Requirement: Using the records below, filter for lines that contain the string "else" and copy them out.

Records:
(* Let $N,M\ge1$, $\mathcal H_+=\mathbb C^N$, $\mathcal H_-=\mathbb C^M$, $\mathcal H=\mathcal H_+\oplus\mathcal H_-$. Fix $b>0$ and $d_1,\dots,d_M\in i\mathbb R$, and put $B=\mathrm{diag}(b,0,\dots,0)$ ($N\times N$) and $D=\mathrm{diag}(d_1,\dots,d_M)$. For $\alpha=(\alpha_1,\dots,\alpha_M)\in\mathbb C^M$ with $|\alpha_1|^2+\dots+|\alpha_M|^2=1$, let $u$ be the $M\times N$ matrix whose first column is $\alpha$ and whose other columns are zero, and let $$\mu=\begin{pmatrix}0&-Bu^*\\ uB&D\end{pmatrix}.$$ Then for all integers $n\ge1$ and $1\le k\le n+1$ there exist polynomials $p^n_{j,k}$, $j=1,\dots,M$, in $M$ variables with real coefficients depending smoothly on $b,d_1,\dots,d_M$, such that for all such $\alpha$ the matrix $i^{n+1}(\mu H^{n-1}_{k-1}(\mu))_{--}u$ has first column with entries $i\,p^n_{j,k}(|\alpha_1|^2,\dots,|\alpha_M|^2)\,\alpha_j$ ($j=1,\dots,M$) and all other columns zero. Equivalently, the equation $\frac{\partial}{\partial t^n_k}u=i^{n+1}(\mu H^{n-1}_{k-1}(\mu))_{--}u$ becomes $$\frac{\partial}{\partial t^n_k}\alpha_j=i\,p^n_{j,k}(|\alpha_1|^2,\dots,|\alpha_M|^2)\,\alpha_j,\qquad j=1,\dots,M.$$
   Context: $P_+$ and $P_-$ denote the orthogonal projectors of $\mathcal H$ onto $\mathcal H_+$ and $\mathcal H_-$; for an operator $X$ on $\mathcal H$, $X_{--}$ denotes the block $P_-XP_-$ regarded as an operator on $\mathcal H_-$. For integers $m\ge 0$ and $0\le l\le m+1$ and a matrix $\mu$ on $\mathcal H$, define $$H^m_l(\mu)=\sum_{\substack{i_0,\dots,i_m\in\{0,1\}\\ i_0+\dots+i_m=l}} P_+^{i_0}\mu P_+^{i_1}\mu\cdots\mu P_+^{i_m},$$ with $P_+^0=I$ the identity and $P_+^1=P_+$. *)

theory Defs
  imports "HOL-Analysis.Analysis"
begin

text \<open>Matrices are HOL-Analysis matrices: an M x N complex matrix is
  complex^'n^'m (rows indexed by 'm, columns by 'n).  H_+ = C^N is indexed by
  the finite type 'n, H_- = C^M by 'm, and H = H_+ (+) H_- by the sum type 'n + 'm
  (Inl = H_+ coordinates, Inr = H_- coordinates).\<close>

definition first_idx :: "'n::{finite,wellorder}" where
  "first_idx = (LEAST i. True)"

definition cadj :: "complex^'n^'m \<Rightarrow> complex^'m^'n" where
  "cadj A = (\<chi> i j. cnj (A $ j $ i))"

definition Pplus :: "complex^('n::finite + 'm::finite)^('n + 'm)" where
  "Pplus = (\<chi> i j. if i = j \<and> isl i then 1 else 0)"

definition block_mat ::
  "complex^'n^'n \<Rightarrow> complex^'m^'n \<Rightarrow> complex^'n^'m \<Rightarrow> complex^'m^'m
     \<Rightarrow> complex^('n::finite + 'm::finite)^('n + 'm)" where
  "block_mat A Bm C Dm = (\<chi> i j. case i of
       Inl a \<Rightarrow> (case j of Inl c \<Rightarrow> A $ a $ c | Inr c \<Rightarrow> Bm $ a $ c)
     | Inr a \<Rightarrow> (case j of Inl c \<Rightarrow> C $ a $ c | Inr c \<Rightarrow> Dm $ a $ c))"

definition minus_block :: "complex^('n::finite + 'm::finite)^('n + 'm) \<Rightarrow> complex^'m^'m" where
  "minus_block X = (\<chi> a c. X $ Inr a $ Inr c)"

definition Ppow :: "nat \<Rightarrow> complex^('n::finite + 'm::finite)^('n + 'm)" where
  "Ppow i = (if i = 0 then mat 1 else Pplus)"

fun Hword :: "complex^('n::finite + 'm::finite)^('n + 'm) \<Rightarrow> nat \<Rightarrow> (nat \<Rightarrow> nat)
     \<Rightarrow> complex^('n + 'm)^('n + 'm)" where
  "Hword \<mu> 0 i = Ppow (i 0)"
| "Hword \<mu> (Suc m) i = Hword \<mu> m i ** \<mu> ** Ppow (i (Suc m))"

definition Hml :: "nat \<Rightarrow> nat \<Rightarrow> complex^('n::finite + 'm::finite)^('n + 'm)
     \<Rightarrow> complex^('n + 'm)^('n + 'm)" where
  "Hml m l \<mu> = (\<Sum>i\<in>{i \<in> {..m} \<rightarrow>\<^sub>E {0,1}. (\<Sum>r\<le>m. i r) = l}. Hword \<mu> m i)"

coinductive C_inf_on :: "'a::euclidean_space set \<Rightarrow> ('a \<Rightarrow> real) \<Rightarrow> bool" for U where
  "(\<forall>x\<in>U. f differentiable (at x)) \<Longrightarrow>
   (\<forall>v\<in>Basis. C_inf_on U (\<lambda>x. frechet_derivative f (at x) v)) \<Longrightarrow> C_inf_on U f"

definition poly_eval :: "nat \<Rightarrow> (('m::finite \<Rightarrow> nat) \<Rightarrow> real) \<Rightarrow> ('m \<Rightarrow> real) \<Rightarrow> real" where
  "poly_eval D c x = (\<Sum>e\<in>{e. \<forall>j. e j \<le> D}. c e * (\<Prod>j\<in>UNIV. x j ^ e j))"

end

theory Submission
  imports Defs
begin

text \<open>Write z_j = |alpha_j|^2 and d_j = i delta_j. Call a vector of H an ansatz vector of phase t
  if its H_+ component is i^(t+1) h e_1 and its H_- component is (i^t g_j alpha_j)_j, where h and
  the g_j are real polynomials in (b, delta, z). P_+ preserves this form and mu raises the phase by
  one: the H_- part is sent to -b (sum_j cnj(alpha_j) i^t g_j alpha_j) e_1 = i^(t+2) b (sum_j z_j g_j) e_1,
  and the H_+ part together with D gives (i^(t+1) (b h + delta_j g_j) alpha_j)_j. Hence
  mu H^(n-1)_(k-1)(mu) maps (0, alpha), the first column of u, to an ansatz vector of phase n, and the
  first column of i^(n+1) (mu H^(n-1)_(k-1)(mu))_(--) u is (i (-1)^n g_j alpha_j)_j. Finally, a real
  polynomial in (b, delta, z) is a polynomial in z whose coefficients are polynomials, hence smooth
  functions, of (b, delta).\<close>

section \<open>Real polynomial functions\<close>

lemma real_polynomial_function_has_derivative:
  fixes f :: "'a::real_normed_vector \<Rightarrow> real"
  assumes "real_polynomial_function f"
  shows "\<exists>f'. (\<forall>x. (f has_derivative f' x) (at x)) \<and> (\<forall>v. real_polynomial_function (\<lambda>x. f' x v))"
  using assms
proof induction
  case (linear f)
  then show ?case
    by (intro exI[of _ "\<lambda>x. f"]) (auto intro: bounded_linear_imp_has_derivative)
next
  case (const c)
  show ?case by (intro exI[of _ "\<lambda>x h. 0"]) auto
next
  case (add f g)
  then obtain f' g' where "\<forall>x. (f has_derivative f' x) (at x)" "\<forall>v. real_polynomial_function (\<lambda>x. f' x v)"
    "\<forall>x. (g has_derivative g' x) (at x)" "\<forall>v. real_polynomial_function (\<lambda>x. g' x v)"
    by blast
  then show ?case
    by (intro exI[of _ "\<lambda>x h. f' x h + g' x h"]) (auto intro: has_derivative_add)
next
  case (mult f g)
  then obtain f' g' where "\<forall>x. (f has_derivative f' x) (at x)" "\<forall>v. real_polynomial_function (\<lambda>x. f' x v)"
    "\<forall>x. (g has_derivative g' x) (at x)" "\<forall>v. real_polynomial_function (\<lambda>x. g' x v)"
    by blast
  with mult.hyps show ?case
    by (intro exI[of _ "\<lambda>x h. f x * g' x h + f' x h * g x"]) (fastforce intro: has_derivative_mult)
qed

lemma real_polynomial_function_C_inf_on:
  assumes "real_polynomial_function f"
  shows "C_inf_on U f"
  using assms
proof (coinduction arbitrary: f rule: C_inf_on.coinduct)
  case (C_inf_on f)
  then obtain f' where f': "\<And>x. (f has_derivative f' x) (at x)"
    and poly: "\<And>v. real_polynomial_function (\<lambda>x. f' x v)"
    using real_polynomial_function_has_derivative by blast
  have "frechet_derivative f (at x) = f' x" for x
    using f' by (rule frechet_derivative_at[symmetric])
  with f' poly show ?case
    by (auto simp: differentiable_def)
qed

lemma finite_exponent_box: "finite {e::'m::finite \<Rightarrow> nat. \<forall>j. e j \<le> D}"
proof -
  have "{e::'m \<Rightarrow> nat. \<forall>j. e j \<le> D} = Pi\<^sub>E UNIV (\<lambda>_. {..D})"
    by (auto simp: PiE_UNIV_domain)
  then show ?thesis
    by (simp add: finite_PiE)
qed

lemma poly_eval_raise_degree:
  assumes "D \<le> D'"
  shows "poly_eval D c x = poly_eval D' (\<lambda>e. if \<forall>j. e j \<le> D then c e else 0) x"
  unfolding poly_eval_def
  using assms finite_exponent_box
  by (intro sum.mono_neutral_cong_left) (auto intro: le_trans)

lemma poly_eval_degree_zero: "poly_eval 0 c x = c (\<lambda>_. 0)"
proof -
  have "{e::'a \<Rightarrow> nat. \<forall>j. e j \<le> 0} = {\<lambda>_. 0}"
    by auto
  then show ?thesis
    by (simp add: poly_eval_def)
qed

lemma poly_eval_add: "poly_eval D c x + poly_eval D c' x = poly_eval D (\<lambda>e. c e + c' e) x"
  by (simp add: poly_eval_def sum.distrib distrib_right)

lemma poly_eval_coordinate:
  "poly_eval 1 (\<lambda>e. if e = (\<lambda>i. if i = j then 1 else 0) then 1 else 0) x = x j"
proof -
  have "(\<Prod>i\<in>UNIV. x i ^ (if i = j then 1 else 0)) = x j"
    by (simp add: if_distrib[of "power _"] cong: if_cong)
  then show ?thesis
    by (simp add: poly_eval_def finite_exponent_box if_distrib[of "\<lambda>c. c * _"] cong: if_cong)
qed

Reply:
  "Pplus = (\<chi> i j. if i = j \<and> isl i then 1 else 0)"
  "Ppow i = (if i = 0 then mat 1 else Pplus)"
  shows "poly_eval D c x = poly_eval D' (\<lambda>e. if \<forall>j. e j \<le> D then c e else 0) x"
  "poly_eval 1 (\<lambda>e. if e = (\<lambda>i. if i = j then 1 else 0) then 1 else 0) x = x j"
  have "(\<Prod>i\<in>UNIV. x i ^ (if i = j then 1 else 0)) = x j"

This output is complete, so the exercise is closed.